> **Exercise aim**
Each entry must appear in the answer exactly as given.
"""
text \<open>
  The polynomials \<open>p i\<close> are indexed from 0, so \<open>p 0\<close> is the quadratic invariant \<open>p\<^sub>1\<close> of the paper.

  By Schur's lemma an \<open>ad\<close>-invariant symmetric bilinear form on the simple Lie algebra is a
  multiple of the given one.  Applied to the Hessian of an invariant quadratic polynomial this
  shows that \<open>p 0 = \<mu>/2 \<Sum>\<^sub>a z\<^sub>a\<^sup>2\<close> with \<open>\<mu> \<noteq> 0\<close>, and, by algebraic independence, that no other
  generator is quadratic.  Hence \<open>hat (p 0) = \<mu> S\<close>, while for \<open>d i \<ge> 3\<close> every term of
  \<open>hat (p i)\<close> contains a coefficient of \<open>{X,Y}\<close> and so lies in \<open>I\<close>.  Reducing
  \<open>f(hat p) \<in> J \<subseteq> I\<close> modulo \<open>I\<close>, only the monomial \<open>u\<^sub>1\<^bsup>h\<^esup>\<close> survives, which leaves
  \<open>c \<mu>\<^bsup>h\<^esup> S\<^bsup>h\<^esup> \<in> I\<close> with \<open>c \<noteq> 0\<close>.  Neither the value of the dual Coxeter number nor the fact
  that the \<open>p i\<close> generate all invariants is needed.
\<close>

alias lookup = Poly_Mapping.lookup
alias keys = Poly_Mapping.keys
alias single = Poly_Mapping.single

section \<open>The exterior algebra\<close>

lemma emul_infinite: "infinite S \<Longrightarrow> emul u v S = 0"
  by (simp add: emul_def)

lemma emul_add_left: "emul (u + v) w = emul u w + emul v w"
  by (rule ext) (simp add: emul_def sum.distrib algebra_simps)

lemma emul_add_right: "emul w (u + v) = emul w u + emul w v"
  by (rule ext) (simp add: emul_def sum.distrib algebra_simps)

lemma emul_zero_left: "emul 0 w = 0"
  by (rule ext) (simp add: emul_def)

lemma emul_zero_right: "emul w 0 = 0"
  by (rule ext) (simp add: emul_def)

lemma emul_escale_left: "emul (escale c u) v = escale c (emul u v)"
  by (rule ext) (simp add: emul_def escale_def sum_distrib_left algebra_simps)

lemma emul_escale_right: "emul u (escale c v) = escale c (emul u v)"
  by (rule ext) (simp add: emul_def escale_def sum_distrib_left algebra_simps)

lemma escale_add: "escale c (u + v) = escale c u + escale c v"
  by (rule ext) (simp add: escale_def algebra_simps)

lemma escale_zero: "escale c 0 = 0"
  by (rule ext) (simp add: escale_def)

lemma escale_zero_left: "escale 0 u = 0"
  by (rule ext) (simp add: escale_def)

lemma escale_escale: "escale c (escale c' u) = escale (c * c') u"
  by (rule ext) (simp add: escale_def)

lemma escale_one: "escale 1 u = u"
  by (rule ext) (simp add: escale_def)

lemma escale_sum: "escale c (\<Sum>a\<in>A. f a) = (\<Sum>a\<in>A. escale c (f a))"
  by (induction A rule: infinite_finite_induct)
    (simp_all only: not_False_eq_True sum.infinite sum.empty sum.insert escale_zero escale_add)

lemma ext_sign_empty_left [simp]: "ext_sign {} U = 1"
  by (simp add: ext_sign_def)

lemma ext_sign_empty_right [simp]: "ext_sign T {} = 1"
  by (simp add: ext_sign_def)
"""
> **The completed task**
text \<open>
  The polynomials \<open>p i\<close> are indexed from 0, so \<open>p 0\<close> is the quadratic invariant \<open>p\<^sub>1\<close> of the paper.

  By Schur's lemma an \<open>ad\<close>-invariant symmetric bilinear form on the simple Lie algebra is a
  multiple of the given one.  Applied to the Hessian of an invariant quadratic polynomial this
  shows that \<open>p 0 = \<mu>/2 \<Sum>\<^sub>a z\<^sub>a\<^sup>2\<close> with \<open>\<mu> \<noteq> 0\<close>, and, by algebraic independence, that no other
  generator is quadratic.  Hence \<open>hat (p 0) = \<mu> S\<close>, while for \<open>d i \<ge> 3\<close> every term of
  \<open>hat (p i)\<close> contains a coefficient of \<open>{X,Y}\<close> and so lies in \<open>I\<close>.  Reducing
  \<open>f(hat p) \<in> J \<subseteq> I\<close> modulo \<open>I\<close>, only the monomial \<open>u\<^sub>1\<^bsup>h\<^esup>\<close> survives, which leaves
  \<open>c \<mu>\<^bsup>h\<^esup> S\<^bsup>h\<^esup> \<in> I\<close> with \<open>c \<noteq> 0\<close>.  Neither the value of the dual Coxeter number nor the fact
  that the \<open>p i\<close> generate all invariants is needed.
\<close>

alias lookup = Poly_Mapping.lookup
alias keys = Poly_Mapping.keys
alias single = Poly_Mapping.single

section \<open>The exterior algebra\<close>

lemma emul_infinite: "infinite S \<Longrightarrow> emul u v S = 0"
  by (simp add: emul_def)

lemma emul_add_left: "emul (u + v) w = emul u w + emul v w"
  by (rule ext) (simp add: emul_def sum.distrib algebra_simps)

lemma emul_add_right: "emul w (u + v) = emul w u + emul w v"
  by (rule ext) (simp add: emul_def sum.distrib algebra_simps)

lemma emul_zero_left: "emul 0 w = 0"
  by (rule ext) (simp add: emul_def)

lemma emul_zero_right: "emul w 0 = 0"
  by (rule ext) (simp add: emul_def)

lemma emul_escale_left: "emul (escale c u) v = escale c (emul u v)"
  by (rule ext) (simp add: emul_def escale_def sum_distrib_left algebra_simps)

lemma emul_escale_right: "emul u (escale c v) = escale c (emul u v)"
  by (rule ext) (simp add: emul_def escale_def sum_distrib_left algebra_simps)

lemma escale_add: "escale c (u + v) = escale c u + escale c v"
  by (rule ext) (simp add: escale_def algebra_simps)

lemma escale_zero: "escale c 0 = 0"
  by (rule ext) (simp add: escale_def)

lemma escale_zero_left: "escale 0 u = 0"
  by (rule ext) (simp add: escale_def)

lemma escale_escale: "escale c (escale c' u) = escale (c * c') u"
  by (rule ext) (simp add: escale_def)

lemma escale_one: "escale 1 u = u"
  by (rule ext) (simp add: escale_def)

lemma escale_sum: "escale c (\<Sum>a\<in>A. f a) = (\<Sum>a\<in>A. escale c (f a))"
  by (induction A rule: infinite_finite_induct)
    (simp_all only: not_False_eq_True sum.infinite sum.empty sum.insert escale_zero escale_add)

lemma ext_sign_empty_left [simp]: "ext_sign {} U = 1"
  by (simp add: ext_sign_def)

lemma ext_sign_empty_right [simp]: "ext_sign T {} = 1"
  by (simp add: ext_sign_def)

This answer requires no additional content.